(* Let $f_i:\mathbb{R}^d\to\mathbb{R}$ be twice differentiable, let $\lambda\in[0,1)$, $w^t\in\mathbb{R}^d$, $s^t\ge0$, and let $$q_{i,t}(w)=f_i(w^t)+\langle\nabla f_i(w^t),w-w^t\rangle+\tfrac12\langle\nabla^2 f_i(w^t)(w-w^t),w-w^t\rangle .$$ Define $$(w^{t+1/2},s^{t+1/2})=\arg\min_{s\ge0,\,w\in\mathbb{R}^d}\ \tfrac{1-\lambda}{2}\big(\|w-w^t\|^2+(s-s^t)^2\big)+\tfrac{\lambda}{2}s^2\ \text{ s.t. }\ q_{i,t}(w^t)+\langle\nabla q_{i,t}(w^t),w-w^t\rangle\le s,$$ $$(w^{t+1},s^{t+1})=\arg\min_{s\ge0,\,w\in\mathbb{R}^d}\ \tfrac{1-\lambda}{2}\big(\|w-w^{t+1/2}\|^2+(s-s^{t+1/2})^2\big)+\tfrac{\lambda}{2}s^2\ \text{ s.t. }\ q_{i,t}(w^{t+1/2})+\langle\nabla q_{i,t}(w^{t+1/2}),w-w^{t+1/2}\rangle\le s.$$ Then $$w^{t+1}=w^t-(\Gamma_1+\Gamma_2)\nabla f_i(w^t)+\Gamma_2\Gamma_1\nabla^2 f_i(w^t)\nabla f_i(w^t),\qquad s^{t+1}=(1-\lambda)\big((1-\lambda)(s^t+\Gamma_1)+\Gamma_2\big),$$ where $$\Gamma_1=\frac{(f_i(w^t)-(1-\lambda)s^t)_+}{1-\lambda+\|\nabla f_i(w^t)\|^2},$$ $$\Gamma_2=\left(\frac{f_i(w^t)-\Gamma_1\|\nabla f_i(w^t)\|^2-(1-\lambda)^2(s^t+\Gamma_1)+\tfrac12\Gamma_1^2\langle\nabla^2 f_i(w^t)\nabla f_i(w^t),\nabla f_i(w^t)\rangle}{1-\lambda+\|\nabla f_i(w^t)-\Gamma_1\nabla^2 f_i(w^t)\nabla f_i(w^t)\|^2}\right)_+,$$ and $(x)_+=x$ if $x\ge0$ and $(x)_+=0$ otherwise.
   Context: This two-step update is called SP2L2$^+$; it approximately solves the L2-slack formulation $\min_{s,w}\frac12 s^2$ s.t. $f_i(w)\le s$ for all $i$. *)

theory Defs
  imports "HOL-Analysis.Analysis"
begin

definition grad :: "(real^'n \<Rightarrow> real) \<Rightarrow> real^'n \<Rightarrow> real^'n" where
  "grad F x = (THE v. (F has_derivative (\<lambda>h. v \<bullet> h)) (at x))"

* * *

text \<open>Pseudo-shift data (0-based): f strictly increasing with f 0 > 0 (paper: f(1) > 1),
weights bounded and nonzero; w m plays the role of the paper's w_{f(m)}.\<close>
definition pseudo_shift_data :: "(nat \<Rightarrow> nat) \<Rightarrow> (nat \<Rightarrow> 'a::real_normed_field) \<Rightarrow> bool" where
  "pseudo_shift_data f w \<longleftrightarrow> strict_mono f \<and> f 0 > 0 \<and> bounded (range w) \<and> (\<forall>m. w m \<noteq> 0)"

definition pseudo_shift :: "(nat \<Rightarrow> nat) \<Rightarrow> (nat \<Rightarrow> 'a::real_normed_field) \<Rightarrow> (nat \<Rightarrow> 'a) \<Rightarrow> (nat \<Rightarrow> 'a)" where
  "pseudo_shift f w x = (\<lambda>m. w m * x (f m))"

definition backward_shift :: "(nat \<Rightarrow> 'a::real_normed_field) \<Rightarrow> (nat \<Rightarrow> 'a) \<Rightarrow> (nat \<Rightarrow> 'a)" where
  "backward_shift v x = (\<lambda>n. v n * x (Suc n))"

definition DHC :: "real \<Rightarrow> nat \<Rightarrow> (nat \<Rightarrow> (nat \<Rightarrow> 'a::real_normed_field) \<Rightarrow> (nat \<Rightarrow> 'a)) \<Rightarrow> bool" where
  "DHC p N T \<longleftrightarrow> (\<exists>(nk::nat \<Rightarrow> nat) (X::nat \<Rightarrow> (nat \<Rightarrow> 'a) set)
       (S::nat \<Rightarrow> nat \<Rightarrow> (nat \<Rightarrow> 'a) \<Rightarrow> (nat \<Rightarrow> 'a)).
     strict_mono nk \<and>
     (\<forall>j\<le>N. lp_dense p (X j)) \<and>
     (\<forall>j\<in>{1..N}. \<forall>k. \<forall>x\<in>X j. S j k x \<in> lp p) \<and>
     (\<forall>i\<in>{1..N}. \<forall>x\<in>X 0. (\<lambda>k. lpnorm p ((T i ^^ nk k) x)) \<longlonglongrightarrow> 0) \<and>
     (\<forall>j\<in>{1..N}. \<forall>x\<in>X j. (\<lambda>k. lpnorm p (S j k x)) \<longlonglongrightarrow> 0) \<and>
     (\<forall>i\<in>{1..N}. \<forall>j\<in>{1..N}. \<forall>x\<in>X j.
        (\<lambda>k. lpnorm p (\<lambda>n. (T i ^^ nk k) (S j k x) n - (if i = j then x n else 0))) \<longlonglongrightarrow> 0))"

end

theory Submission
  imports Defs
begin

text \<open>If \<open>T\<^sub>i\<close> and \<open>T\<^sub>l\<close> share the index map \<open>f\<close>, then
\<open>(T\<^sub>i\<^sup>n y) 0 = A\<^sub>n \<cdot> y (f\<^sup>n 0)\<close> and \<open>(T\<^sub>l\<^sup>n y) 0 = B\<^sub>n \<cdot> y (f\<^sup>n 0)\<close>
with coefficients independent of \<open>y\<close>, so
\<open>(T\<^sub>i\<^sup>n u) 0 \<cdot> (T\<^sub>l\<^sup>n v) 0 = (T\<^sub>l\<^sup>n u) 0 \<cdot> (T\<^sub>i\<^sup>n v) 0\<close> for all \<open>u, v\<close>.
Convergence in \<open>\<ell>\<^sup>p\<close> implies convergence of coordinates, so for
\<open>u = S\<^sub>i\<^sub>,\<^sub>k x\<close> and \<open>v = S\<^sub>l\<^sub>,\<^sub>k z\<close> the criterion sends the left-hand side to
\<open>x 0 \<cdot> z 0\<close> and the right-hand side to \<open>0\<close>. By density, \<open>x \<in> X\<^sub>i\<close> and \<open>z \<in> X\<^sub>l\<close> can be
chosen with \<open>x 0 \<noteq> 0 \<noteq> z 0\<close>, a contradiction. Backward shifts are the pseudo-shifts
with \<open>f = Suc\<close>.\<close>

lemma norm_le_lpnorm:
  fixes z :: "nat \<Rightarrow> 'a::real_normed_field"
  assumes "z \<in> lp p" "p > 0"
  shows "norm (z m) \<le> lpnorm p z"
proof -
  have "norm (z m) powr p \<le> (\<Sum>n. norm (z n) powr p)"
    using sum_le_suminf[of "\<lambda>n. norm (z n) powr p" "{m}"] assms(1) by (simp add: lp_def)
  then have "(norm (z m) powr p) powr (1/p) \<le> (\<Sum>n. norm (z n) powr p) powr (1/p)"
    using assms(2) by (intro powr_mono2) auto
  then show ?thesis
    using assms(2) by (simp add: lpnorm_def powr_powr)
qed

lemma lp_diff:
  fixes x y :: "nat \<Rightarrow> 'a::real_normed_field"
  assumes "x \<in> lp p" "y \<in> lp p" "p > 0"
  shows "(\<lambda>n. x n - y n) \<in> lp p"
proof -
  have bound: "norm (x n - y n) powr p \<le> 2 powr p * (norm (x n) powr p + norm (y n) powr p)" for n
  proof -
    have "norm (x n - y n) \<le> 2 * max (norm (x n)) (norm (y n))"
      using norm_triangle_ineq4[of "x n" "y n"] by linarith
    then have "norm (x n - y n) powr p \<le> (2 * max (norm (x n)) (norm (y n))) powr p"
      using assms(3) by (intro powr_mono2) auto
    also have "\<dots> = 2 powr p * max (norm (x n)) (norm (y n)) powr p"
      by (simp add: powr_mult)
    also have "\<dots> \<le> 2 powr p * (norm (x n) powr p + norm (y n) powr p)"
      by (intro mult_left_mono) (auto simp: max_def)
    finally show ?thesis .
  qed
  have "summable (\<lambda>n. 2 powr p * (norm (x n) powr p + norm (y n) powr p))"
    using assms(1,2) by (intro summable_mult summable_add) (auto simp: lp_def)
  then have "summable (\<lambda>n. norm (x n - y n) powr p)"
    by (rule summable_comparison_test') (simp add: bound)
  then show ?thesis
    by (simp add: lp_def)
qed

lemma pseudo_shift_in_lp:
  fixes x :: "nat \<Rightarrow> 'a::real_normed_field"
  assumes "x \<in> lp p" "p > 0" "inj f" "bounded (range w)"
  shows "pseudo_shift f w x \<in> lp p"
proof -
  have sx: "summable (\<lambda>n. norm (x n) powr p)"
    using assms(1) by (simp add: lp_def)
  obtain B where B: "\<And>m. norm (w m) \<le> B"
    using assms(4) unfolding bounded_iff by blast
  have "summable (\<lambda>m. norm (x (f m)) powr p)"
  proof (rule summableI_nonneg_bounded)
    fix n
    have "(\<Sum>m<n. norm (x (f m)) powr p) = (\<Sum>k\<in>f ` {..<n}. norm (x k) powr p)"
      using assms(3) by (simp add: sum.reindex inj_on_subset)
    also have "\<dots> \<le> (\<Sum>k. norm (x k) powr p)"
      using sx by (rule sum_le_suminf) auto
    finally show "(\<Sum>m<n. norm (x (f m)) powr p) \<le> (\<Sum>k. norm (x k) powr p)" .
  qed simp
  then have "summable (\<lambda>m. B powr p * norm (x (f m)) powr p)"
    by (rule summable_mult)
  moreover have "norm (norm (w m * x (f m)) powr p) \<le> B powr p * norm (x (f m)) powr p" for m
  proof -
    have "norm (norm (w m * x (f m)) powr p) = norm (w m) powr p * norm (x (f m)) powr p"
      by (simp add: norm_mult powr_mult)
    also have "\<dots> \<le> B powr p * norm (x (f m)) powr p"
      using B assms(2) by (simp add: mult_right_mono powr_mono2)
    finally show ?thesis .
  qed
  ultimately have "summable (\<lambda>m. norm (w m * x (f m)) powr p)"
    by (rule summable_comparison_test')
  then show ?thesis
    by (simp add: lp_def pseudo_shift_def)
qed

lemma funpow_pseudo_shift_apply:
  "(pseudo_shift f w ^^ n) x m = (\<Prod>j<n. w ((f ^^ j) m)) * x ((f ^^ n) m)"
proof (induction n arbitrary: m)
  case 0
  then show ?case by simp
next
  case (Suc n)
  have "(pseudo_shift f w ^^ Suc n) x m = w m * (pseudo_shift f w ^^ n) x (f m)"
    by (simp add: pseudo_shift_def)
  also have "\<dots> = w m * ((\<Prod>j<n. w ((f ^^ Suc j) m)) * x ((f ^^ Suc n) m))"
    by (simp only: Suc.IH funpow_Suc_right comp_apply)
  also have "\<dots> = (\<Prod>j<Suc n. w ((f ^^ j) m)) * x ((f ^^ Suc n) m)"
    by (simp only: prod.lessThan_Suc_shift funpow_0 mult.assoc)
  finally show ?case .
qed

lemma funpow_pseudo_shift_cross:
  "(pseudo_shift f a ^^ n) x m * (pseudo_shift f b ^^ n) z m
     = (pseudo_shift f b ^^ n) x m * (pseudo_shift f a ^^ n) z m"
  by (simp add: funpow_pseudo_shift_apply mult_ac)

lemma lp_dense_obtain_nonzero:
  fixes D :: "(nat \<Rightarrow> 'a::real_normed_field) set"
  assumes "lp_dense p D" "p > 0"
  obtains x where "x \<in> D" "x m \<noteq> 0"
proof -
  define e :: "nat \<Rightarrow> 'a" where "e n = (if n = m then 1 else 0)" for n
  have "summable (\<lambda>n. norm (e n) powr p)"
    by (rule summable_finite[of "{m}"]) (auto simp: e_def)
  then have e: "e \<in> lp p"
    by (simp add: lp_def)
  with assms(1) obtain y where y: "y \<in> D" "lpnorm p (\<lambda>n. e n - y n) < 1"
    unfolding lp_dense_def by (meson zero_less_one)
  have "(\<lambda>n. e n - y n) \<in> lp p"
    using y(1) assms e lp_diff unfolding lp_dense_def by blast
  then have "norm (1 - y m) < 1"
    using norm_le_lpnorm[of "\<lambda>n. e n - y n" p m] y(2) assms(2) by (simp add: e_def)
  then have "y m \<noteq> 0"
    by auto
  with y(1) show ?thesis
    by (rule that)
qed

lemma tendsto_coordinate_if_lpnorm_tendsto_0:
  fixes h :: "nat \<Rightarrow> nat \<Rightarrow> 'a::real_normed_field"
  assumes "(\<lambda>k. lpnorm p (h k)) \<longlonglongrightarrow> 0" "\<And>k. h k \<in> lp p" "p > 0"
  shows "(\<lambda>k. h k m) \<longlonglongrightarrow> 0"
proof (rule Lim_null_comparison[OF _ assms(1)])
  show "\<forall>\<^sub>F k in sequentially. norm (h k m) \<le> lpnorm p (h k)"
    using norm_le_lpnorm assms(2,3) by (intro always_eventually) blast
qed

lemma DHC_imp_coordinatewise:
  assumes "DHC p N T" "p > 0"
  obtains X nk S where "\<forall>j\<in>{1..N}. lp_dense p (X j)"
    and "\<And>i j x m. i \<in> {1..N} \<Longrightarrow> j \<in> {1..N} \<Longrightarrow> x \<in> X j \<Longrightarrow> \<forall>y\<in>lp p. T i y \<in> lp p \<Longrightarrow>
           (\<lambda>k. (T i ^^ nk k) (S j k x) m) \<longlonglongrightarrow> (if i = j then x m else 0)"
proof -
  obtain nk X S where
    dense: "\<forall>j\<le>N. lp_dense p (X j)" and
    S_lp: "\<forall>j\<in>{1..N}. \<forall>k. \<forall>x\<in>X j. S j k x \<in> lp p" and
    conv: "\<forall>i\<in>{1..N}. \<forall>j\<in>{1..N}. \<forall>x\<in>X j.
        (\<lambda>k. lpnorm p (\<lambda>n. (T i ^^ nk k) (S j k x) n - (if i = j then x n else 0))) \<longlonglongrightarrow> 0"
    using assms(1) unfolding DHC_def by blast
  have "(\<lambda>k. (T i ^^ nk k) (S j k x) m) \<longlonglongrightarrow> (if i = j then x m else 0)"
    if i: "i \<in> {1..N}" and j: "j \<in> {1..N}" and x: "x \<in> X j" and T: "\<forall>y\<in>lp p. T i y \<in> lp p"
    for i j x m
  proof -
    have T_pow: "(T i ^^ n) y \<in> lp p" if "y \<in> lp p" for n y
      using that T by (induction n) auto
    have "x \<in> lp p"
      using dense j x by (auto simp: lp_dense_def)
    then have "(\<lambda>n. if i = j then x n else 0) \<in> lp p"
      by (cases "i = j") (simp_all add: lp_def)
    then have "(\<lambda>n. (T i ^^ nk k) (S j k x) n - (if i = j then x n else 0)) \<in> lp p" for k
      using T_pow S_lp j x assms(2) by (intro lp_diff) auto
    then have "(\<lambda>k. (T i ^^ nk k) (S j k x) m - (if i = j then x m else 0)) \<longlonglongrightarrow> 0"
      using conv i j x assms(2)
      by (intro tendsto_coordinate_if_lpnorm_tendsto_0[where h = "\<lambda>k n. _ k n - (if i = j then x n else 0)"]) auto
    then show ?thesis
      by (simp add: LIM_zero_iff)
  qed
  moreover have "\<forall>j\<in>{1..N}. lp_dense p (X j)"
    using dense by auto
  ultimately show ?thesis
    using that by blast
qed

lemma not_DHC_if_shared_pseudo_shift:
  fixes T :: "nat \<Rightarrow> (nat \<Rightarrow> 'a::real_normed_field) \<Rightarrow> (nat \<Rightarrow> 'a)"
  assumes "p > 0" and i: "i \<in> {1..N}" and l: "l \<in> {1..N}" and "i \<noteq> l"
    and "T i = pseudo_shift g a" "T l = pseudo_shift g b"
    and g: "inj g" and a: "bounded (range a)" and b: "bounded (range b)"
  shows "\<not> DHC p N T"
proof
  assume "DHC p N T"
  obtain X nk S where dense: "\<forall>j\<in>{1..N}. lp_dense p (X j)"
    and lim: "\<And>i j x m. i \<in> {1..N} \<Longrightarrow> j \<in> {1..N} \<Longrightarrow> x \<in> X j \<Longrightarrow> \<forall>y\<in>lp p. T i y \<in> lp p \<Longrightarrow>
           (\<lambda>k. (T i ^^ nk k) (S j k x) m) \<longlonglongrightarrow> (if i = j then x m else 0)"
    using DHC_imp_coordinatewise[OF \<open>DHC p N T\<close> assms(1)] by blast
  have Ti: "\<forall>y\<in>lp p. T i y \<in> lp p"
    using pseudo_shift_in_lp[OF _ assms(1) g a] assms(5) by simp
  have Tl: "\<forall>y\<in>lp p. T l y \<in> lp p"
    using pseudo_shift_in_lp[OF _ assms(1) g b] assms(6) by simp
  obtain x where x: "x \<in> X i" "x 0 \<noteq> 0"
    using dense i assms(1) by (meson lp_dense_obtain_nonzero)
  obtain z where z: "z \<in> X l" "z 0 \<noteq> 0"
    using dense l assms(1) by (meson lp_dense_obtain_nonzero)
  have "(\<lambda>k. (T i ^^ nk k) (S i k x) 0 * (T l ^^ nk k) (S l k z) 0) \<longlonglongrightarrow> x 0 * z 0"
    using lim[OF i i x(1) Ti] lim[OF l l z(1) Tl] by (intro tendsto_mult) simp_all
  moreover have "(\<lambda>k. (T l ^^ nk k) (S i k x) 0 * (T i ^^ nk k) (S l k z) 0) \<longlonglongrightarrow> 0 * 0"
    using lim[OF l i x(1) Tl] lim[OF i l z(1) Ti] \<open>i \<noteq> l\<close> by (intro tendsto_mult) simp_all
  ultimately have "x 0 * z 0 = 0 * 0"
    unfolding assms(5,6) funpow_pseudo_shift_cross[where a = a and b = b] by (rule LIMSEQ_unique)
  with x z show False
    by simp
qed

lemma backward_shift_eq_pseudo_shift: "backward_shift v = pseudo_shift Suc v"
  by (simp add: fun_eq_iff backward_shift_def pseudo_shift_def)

# [Problem requirements]
Scan the records above for the lines holding "using that T by (induction n) auto" and "T l y \<in>". Transcribe those two and every line between them word for word, and no others.

# [Answer to the exercise]
      using that T by (induction n) auto
    have "x \<in> lp p"
      using dense j x by (auto simp: lp_dense_def)
    then have "(\<lambda>n. if i = j then x n else 0) \<in> lp p"
      by (cases "i = j") (simp_all add: lp_def)
    then have "(\<lambda>n. (T i ^^ nk k) (S j k x) n - (if i = j then x n else 0)) \<in> lp p" for k
      using T_pow S_lp j x assms(2) by (intro lp_diff) auto
    then have "(\<lambda>k. (T i ^^ nk k) (S j k x) m - (if i = j then x m else 0)) \<longlonglongrightarrow> 0"
      using conv i j x assms(2)
      by (intro tendsto_coordinate_if_lpnorm_tendsto_0[where h = "\<lambda>k n. _ k n - (if i = j then x n else 0)"]) auto
    then show ?thesis
      by (simp add: LIM_zero_iff)
  qed
  moreover have "\<forall>j\<in>{1..N}. lp_dense p (X j)"
    using dense by auto
  ultimately show ?thesis
    using that by blast
qed

lemma not_DHC_if_shared_pseudo_shift:
  fixes T :: "nat \<Rightarrow> (nat \<Rightarrow> 'a::real_normed_field) \<Rightarrow> (nat \<Rightarrow> 'a)"
  assumes "p > 0" and i: "i \<in> {1..N}" and l: "l \<in> {1..N}" and "i \<noteq> l"
    and "T i = pseudo_shift g a" "T l = pseudo_shift g b"
    and g: "inj g" and a: "bounded (range a)" and b: "bounded (range b)"
  shows "\<not> DHC p N T"
proof
  assume "DHC p N T"
  obtain X nk S where dense: "\<forall>j\<in>{1..N}. lp_dense p (X j)"
    and lim: "\<And>i j x m. i \<in> {1..N} \<Longrightarrow> j \<in> {1..N} \<Longrightarrow> x \<in> X j \<Longrightarrow> \<forall>y\<in>lp p. T i y \<in> lp p \<Longrightarrow>
           (\<lambda>k. (T i ^^ nk k) (S j k x) m) \<longlonglongrightarrow> (if i = j then x m else 0)"
    using DHC_imp_coordinatewise[OF \<open>DHC p N T\<close> assms(1)] by blast
  have Ti: "\<forall>y\<in>lp p. T i y \<in> lp p"
    using pseudo_shift_in_lp[OF _ assms(1) g a] assms(5) by simp
  have Tl: "\<forall>y\<in>lp p. T l y \<in> lp p"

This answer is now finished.